::: THE INPUT
definition pseudo_orbit :: "'a::metric_space set \<Rightarrow> ('a \<Rightarrow> 'a) \<Rightarrow> real \<Rightarrow> 'a list \<Rightarrow> bool" where
  "pseudo_orbit X f \<epsilon> xs \<longleftrightarrow> length xs \<ge> 2 \<and> set xs \<subseteq> X \<and>
     (\<forall>i. Suc i < length xs \<longrightarrow> dist (f (xs ! i)) (xs ! Suc i) < \<epsilon>)"

definition chain_recurrent :: "'a::metric_space set \<Rightarrow> ('a \<Rightarrow> 'a) \<Rightarrow> 'a \<Rightarrow> bool" where
  "chain_recurrent X f x \<longleftrightarrow> x \<in> X \<and> (\<forall>\<epsilon>>0. \<exists>xs. pseudo_orbit X f \<epsilon> xs \<and> hd xs = x \<and> last xs = x)"

definition chain_class :: "'a::metric_space set \<Rightarrow> ('a \<Rightarrow> 'a) \<Rightarrow> 'a \<Rightarrow> 'a set" where
  "chain_class X f x = {y. \<forall>\<epsilon>>0. \<exists>xs. pseudo_orbit X f \<epsilon> xs \<and> hd xs = last xs \<and>
      x \<in> set xs \<and> y \<in> set xs}"

end

theory Submission
  imports Defs
begin

text \<open>
  Periodic points are finite: if p, q are periodic and close, the pseudo orbits that follow
  the orbit of p except on the single period block -(j + 1), where they follow q, are shadowed
  within c/2. All these shadows follow p in forward time, so they lie in one c-stable set,
  which has at most n points; hence two of the pseudo orbits (for i \<noteq> j) have the same shadow,
  which on block -(j + 1) is c/2-close to the orbits of both p and q. So q lies in the finite
  stable set of p, and periodic points cannot accumulate.

  Every point is periodic: repeating forever an orbit segment that almost returns gives a
  periodic pseudo orbit whose shadow has a periodic point in its orbit, so every orbit
  eventually stays near the finite, separated set of periodic points and, by uniform
  continuity, follows a single periodic orbit. Its iterates along the period then lie in a
  finite stable set, so two coincide and injectivity makes the point periodic.
\<close>

lemma funpow_add_apply: "(f ^^ (m + n)) x = (f ^^ m) ((f ^^ n) x)"
  by (simp add: funpow_add)

lemma funpow_swap_apply: "(f ^^ m) ((f ^^ n) x) = (f ^^ n) ((f ^^ m) x)"
  by (metis add.commute funpow_add_apply)

lemma funpow_in_set:
  assumes "\<And>x. x \<in> X \<Longrightarrow> f x \<in> X" "x \<in> X"
  shows "(f ^^ k) x \<in> X"
  by (induction k) (simp_all add: assms)

lemma inj_on_funpow:
  assumes "inj_on f X" "\<And>x. x \<in> X \<Longrightarrow> f x \<in> X"
  shows "inj_on (f ^^ N) X"
proof (induction N)
  case (Suc N)
  have "inj_on f ((f ^^ N) ` X)"
    using assms by (auto intro: inj_on_subset funpow_in_set)
  then show ?case using Suc comp_inj_on by (metis funpow.simps(2))
qed simp

definition periodic_points :: "'a set \<Rightarrow> ('a \<Rightarrow> 'a) \<Rightarrow> 'a set" where
  "periodic_points X f = {x\<in>X. \<exists>m>0. (f ^^ m) x = x}"

lemma periodic_pointsI:
  assumes "x \<in> X" "m > 0" "(f ^^ m) x = x"
  shows "x \<in> periodic_points X f"
  using assms by (auto simp: periodic_points_def)

lemma periodic_points_funpow:
  assumes "\<And>x. x \<in> X \<Longrightarrow> f x \<in> X" "x \<in> periodic_points X f"
  shows "(f ^^ k) x \<in> periodic_points X f"
proof -
  obtain m where "x \<in> X" "m > 0" "(f ^^ m) x = x"
    using assms(2) by (auto simp: periodic_points_def)
  moreover have "(f ^^ m) ((f ^^ k) x) = (f ^^ k) ((f ^^ m) x)"
    by (rule funpow_swap_apply)
  ultimately show ?thesis
    by (auto intro: periodic_pointsI funpow_in_set assms(1))
qed

lemma periodic_points_common_period:
  assumes "p \<in> periodic_points X f" "q \<in> periodic_points X f"
  obtains L where "L > 0" "(f ^^ L) p = p" "(f ^^ L) q = q"
proof -
  obtain a b where "a > 0" and a: "(f ^^ a) p = p" and "b > 0" and b: "(f ^^ b) q = q"
    using assms by (auto simp: periodic_points_def)
  then show ?thesis
    using that[of "a * b"] funpow_mod_eq[where m = "a * b", OF a] funpow_mod_eq[where m = "a * b", OF b]
    by simp
qed

lemma periodic_point_if_iterates_repeat:
  assumes "x \<in> X" "\<And>x. x \<in> X \<Longrightarrow> f x \<in> X" "a < b" "(f ^^ a) x = (f ^^ b) x"
  shows "(f ^^ a) x \<in> periodic_points X f"
proof (rule periodic_pointsI)
  have "(f ^^ (b - a)) ((f ^^ a) x) = (f ^^ b) x"
    using assms(3) by (simp flip: funpow_add_apply)
  then show "(f ^^ (b - a)) ((f ^^ a) x) = (f ^^ a) x" using assms(4) by simp
qed (use assms in \<open>auto intro: funpow_in_set\<close>)

lemma periodic_if_iterate_periodic:
  assumes "inj_on f X" "\<And>x. x \<in> X \<Longrightarrow> f x \<in> X" "x \<in> X"
    and "(f ^^ N) x \<in> periodic_points X f"
  shows "x \<in> periodic_points X f"
proof -
  obtain m where m: "m > 0" "(f ^^ m) ((f ^^ N) x) = (f ^^ N) x"
    using assms(4) by (auto simp: periodic_points_def)
  then have "(f ^^ N) ((f ^^ m) x) = (f ^^ N) x"
    by (simp add: funpow_swap_apply)
  then have "(f ^^ m) x = x"
    using inj_on_funpow[OF assms(1,2)] assms(3) by (auto intro: funpow_in_set assms(2) dest: inj_onD)
  with assms(3) m(1) show ?thesis by (rule periodic_pointsI)
qed

definition stable_set :: "'a::metric_space set \<Rightarrow> ('a \<Rightarrow> 'a) \<Rightarrow> real \<Rightarrow> 'a \<Rightarrow> 'a set" where
  "stable_set X f c x = {y\<in>X. \<forall>k. dist ((f ^^ k) y) ((f ^^ k) x) \<le> c}"

lemma mem_stable_set_if_shadow_same:
  assumes "z \<in> X" "\<And>k. dist ((f ^^ k) y) (s k) \<le> c / 2" "\<And>k. dist ((f ^^ k) z) (s k) \<le> c / 2"
  shows "z \<in> stable_set X f c y"
proof -
  have "dist ((f ^^ k) z) ((f ^^ k) y) \<le> c" for k
    using dist_triangle2[of "(f ^^ k) z" "(f ^^ k) y" "s k"] assms(2,3)[of k] by linarith
  then show ?thesis using assms(1) by (simp add: stable_set_def)
qed

lemma repetition_in_finite_set:
  fixes h :: "nat \<Rightarrow> 'a"
  assumes "\<And>m. h m \<in> A" "finite A"
  obtains m1 m2 where "m1 < m2" "h m1 = h m2"
proof -
  have "\<not> inj h"
    using assms finite_imageD[of h UNIV] finite_subset[of "range h" A] by auto
  then obtain a b where "a \<noteq> b" "h a = h b" unfolding inj_def by blast
  then show ?thesis using that by (metis linorder_neqE_nat)
qed

lemma periodic_point_if_multiples_in_finite_set:
  assumes "x \<in> X" "\<And>x. x \<in> X \<Longrightarrow> f x \<in> X" "D > 0"
    and "\<And>m. (f ^^ (m * D)) x \<in> A" "finite A"
  shows "\<exists>m. (f ^^ (m * D)) x \<in> periodic_points X f"
proof -
  obtain m1 m2 where "m1 < m2" "(f ^^ (m1 * D)) x = (f ^^ (m2 * D)) x"
    using repetition_in_finite_set[of "\<lambda>m. (f ^^ (m * D)) x"] assms(4,5) by blast
  then show ?thesis
    using periodic_point_if_iterates_repeat[of x X f "m1 * D" "m2 * D"] assms(1-3) by auto
qed

lemma compact_close_pair_along_infinite_set:
  fixes S :: "nat set"
  assumes "compact X" "\<And>k. u k \<in> X" "infinite S" "\<delta> > 0"
  shows "\<exists>a\<in>S. \<exists>b\<in>S. a < b \<and> dist (u a) (u b) < \<delta>"
proof -
  define s where "s = enumerate S"
  have s: "strict_mono s" "\<And>i. s i \<in> S"
    using strict_mono_enumerate enumerate_in_set assms(3) by (auto simp: s_def)
  have "\<forall>i. (u \<circ> s) i \<in> X" using assms(2) by simp
  then obtain l r where r: "strict_mono r" and lim: "(u \<circ> s \<circ> r) \<longlonglongrightarrow> l"
    using compact_imp_seq_compact[OF assms(1)] unfolding seq_compact_def by blast
  obtain M where M: "\<forall>m\<ge>M. \<forall>m'\<ge>M. dist ((u \<circ> s \<circ> r) m) ((u \<circ> s \<circ> r) m') < \<delta>"
    using assms(4) LIMSEQ_imp_Cauchy[OF lim] unfolding Cauchy_def by blast
  have "s (r M) < s (r (Suc M))"
    using s(1) r by (simp add: strict_mono_def)
  moreover have "dist (u (s (r M))) (u (s (r (Suc M)))) < \<delta>"
    using M by simp
  ultimately show ?thesis using s(2) by blast
qed

lemma finite_set_separated:
  fixes S :: "'a::metric_space set"
  assumes "finite S"
  shows "\<exists>\<eta>>0. \<forall>p\<in>S. \<forall>q\<in>S. p \<noteq> q \<longrightarrow> \<eta> \<le> dist p q"
  using assms
proof (induction rule: finite_induct)
  case (insert x S)
  obtain \<eta> where "\<eta> > 0" "\<forall>p\<in>S. \<forall>q\<in>S. p \<noteq> q \<longrightarrow> \<eta> \<le> dist p q"
    using insert.IH by blast
  moreover obtain \<delta> where "\<delta> > 0" "\<forall>q\<in>S. q \<noteq> x \<longrightarrow> \<delta> \<le> dist x q"
    using finite_set_avoid[OF insert.hyps(1)] by blast
  ultimately have "\<forall>p\<in>insert x S. \<forall>q\<in>insert x S. p \<noteq> q \<longrightarrow> min \<eta> \<delta> \<le> dist p q"
    by (metis dist_commute insert_iff min.coboundedI1 min.coboundedI2)
  then show ?case using \<open>\<eta> > 0\<close> \<open>\<delta> > 0\<close> by (metis min_less_iff_conj)
qed (auto intro: zero_less_one)
definition is_pmf :: "(outcome \<Rightarrow> real) \<Rightarrow> bool" where
  "is_pmf p \<longleftrightarrow> (\<forall>w. 0 \<le> p w) \<and> (\<Sum>w\<in>UNIV. p w) = 1"

definition Pr :: "(outcome \<Rightarrow> real) \<Rightarrow> (outcome \<Rightarrow> bool) \<Rightarrow> real" where
  "Pr p E = (\<Sum>w\<in>{w. E w}. p w)"

text \<open>Observed data: Pobs y s t = P(Y=y, S=s | T=t).  Compatibility:
  for each t, the law of (Y_{t S_t}, S_t) equals the observed law.\<close>
definition compatible :: "(bool \<Rightarrow> bool \<Rightarrow> bool \<Rightarrow> real) \<Rightarrow> (outcome \<Rightarrow> real) \<Rightarrow> bool" where
  "compatible Pobs p \<longleftrightarrow> is_pmf p \<and>
     (\<forall>t y s. Pr p (\<lambda>w. Y_T t w = y \<and> S_pot t w = s) = Pobs y s t)"

definition HR_TS :: "(outcome \<Rightarrow> real) \<Rightarrow> real" where
  "HR_TS p = Pr p (\<lambda>w. S_pot False w \<and> \<not> S_pot True w)"

definition HR_SY :: "(outcome \<Rightarrow> real) \<Rightarrow> bool \<Rightarrow> real" where
  "HR_SY p t = Pr p (\<lambda>w. Y_pot t False w \<and> \<not> Y_pot t True w)"

definition HR_TY :: "(outcome \<Rightarrow> real) \<Rightarrow> real" where
  "HR_TY p = Pr p (\<lambda>w. Y_T False w \<and> \<not> Y_T True w)"

definition admissible ::
  "(bool \<Rightarrow> bool \<Rightarrow> bool \<Rightarrow> real) \<Rightarrow> real \<Rightarrow> real \<Rightarrow> (outcome \<Rightarrow> real) set" where
  "admissible Pobs c1 c2 = {p. compatible Pobs p \<and> HR_TS p \<le> c1 \<and>
      (\<forall>t. HR_SY p t \<le> c2)}"

definition PY :: "(bool \<Rightarrow> bool \<Rightarrow> bool \<Rightarrow> real) \<Rightarrow> bool \<Rightarrow> bool \<Rightarrow> real" where
  "PY Pobs y t = Pobs y False t + Pobs y True t"

definition lowerL :: "(bool \<Rightarrow> bool \<Rightarrow> bool \<Rightarrow> real) \<Rightarrow> real \<Rightarrow> real" where
  "lowerL Pobs c1 = Max {0,
      Pobs True True False - Pobs True True True - c1,
      PY Pobs False True - PY Pobs False False,
      Pobs False False True - Pobs False False False - c1}"

definition upperU :: "(bool \<Rightarrow> bool \<Rightarrow> bool \<Rightarrow> real) \<Rightarrow> real \<Rightarrow> real" where
  "upperU Pobs c1 = Min {PY Pobs True False,
      c1 + Pobs True False False + Pobs False True True,
      PY Pobs False True,
      1 + c1 - Pobs False True False - Pobs True False True}"

end

theory Submission
  imports Defs
begin

text \<open>HR(T\<rightarrow>Y), compatibility and the bound on HR(T\<rightarrow>S) depend on a joint distribution only
  through the law of (Y_{T=0}, S_0, Y_{T=1}, S_1), a coupling of the two observed laws of (Y, S)
  with P(S_0 = 1, S_1 = 0) \<le> c1. Conversely, every such coupling comes from an admissible
  distribution in which Y_{ts} does not depend on s; then HR(S\<rightarrow>Y | T=t) = 0. The upper bound U is the largest harm P(Y_{T=0} = 1, Y_{T=1} = 0) of such a coupling:
  four counting inequalities show that no coupling does better, and U is attained by first
  choosing the coupling of S_0 and S_1 and then routing a maximal flow through its 2\<times>2 cells,
  all of whose cuts are at least U. Relabelling Y_{T=1} as 1 - Y_{T=1} turns the harm into
  P(Y_{T=0} = 1) minus the harm, which reduces the lower bound L to the upper bound.\<close>

text \<open>Q y0 s0 y1 s1 is a joint law of (Y_{T=0}, S_0, Y_{T=1}, S_1); A and B are the laws of (Y, S)
  given T = 0 and T = 1.\<close>

definition compatible_coupling ::
  "(bool \<Rightarrow> bool \<Rightarrow> real) \<Rightarrow> (bool \<Rightarrow> bool \<Rightarrow> real) \<Rightarrow> real \<Rightarrow>
    (bool \<Rightarrow> bool \<Rightarrow> bool \<Rightarrow> bool \<Rightarrow> real) \<Rightarrow> bool" where
  "compatible_coupling A B c Q \<longleftrightarrow> (\<forall>y0 s0 y1 s1. 0 \<le> Q y0 s0 y1 s1)
     \<and> (\<forall>y0 s0. (\<Sum>y1\<in>UNIV. \<Sum>s1\<in>UNIV. Q y0 s0 y1 s1) = A y0 s0)
     \<and> (\<forall>y1 s1. (\<Sum>y0\<in>UNIV. \<Sum>s0\<in>UNIV. Q y0 s0 y1 s1) = B y1 s1)
     \<and> (\<Sum>y0\<in>UNIV. \<Sum>y1\<in>UNIV. Q y0 True y1 False) \<le> c"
::::::
TO DO:
From the first line of the data above through the line containing "(\<forall>i. Suc i", repeat each line exactly, and add nothing.

WRITTEN ANSWER:
definition pseudo_orbit :: "'a::metric_space set \<Rightarrow> ('a \<Rightarrow> 'a) \<Rightarrow> real \<Rightarrow> 'a list \<Rightarrow> bool" where
  "pseudo_orbit X f \<epsilon> xs \<longleftrightarrow> length xs \<ge> 2 \<and> set xs \<subseteq> X \<and>
     (\<forall>i. Suc i < length xs \<longrightarrow> dist (f (xs ! i)) (xs ! Suc i) < \<epsilon>)"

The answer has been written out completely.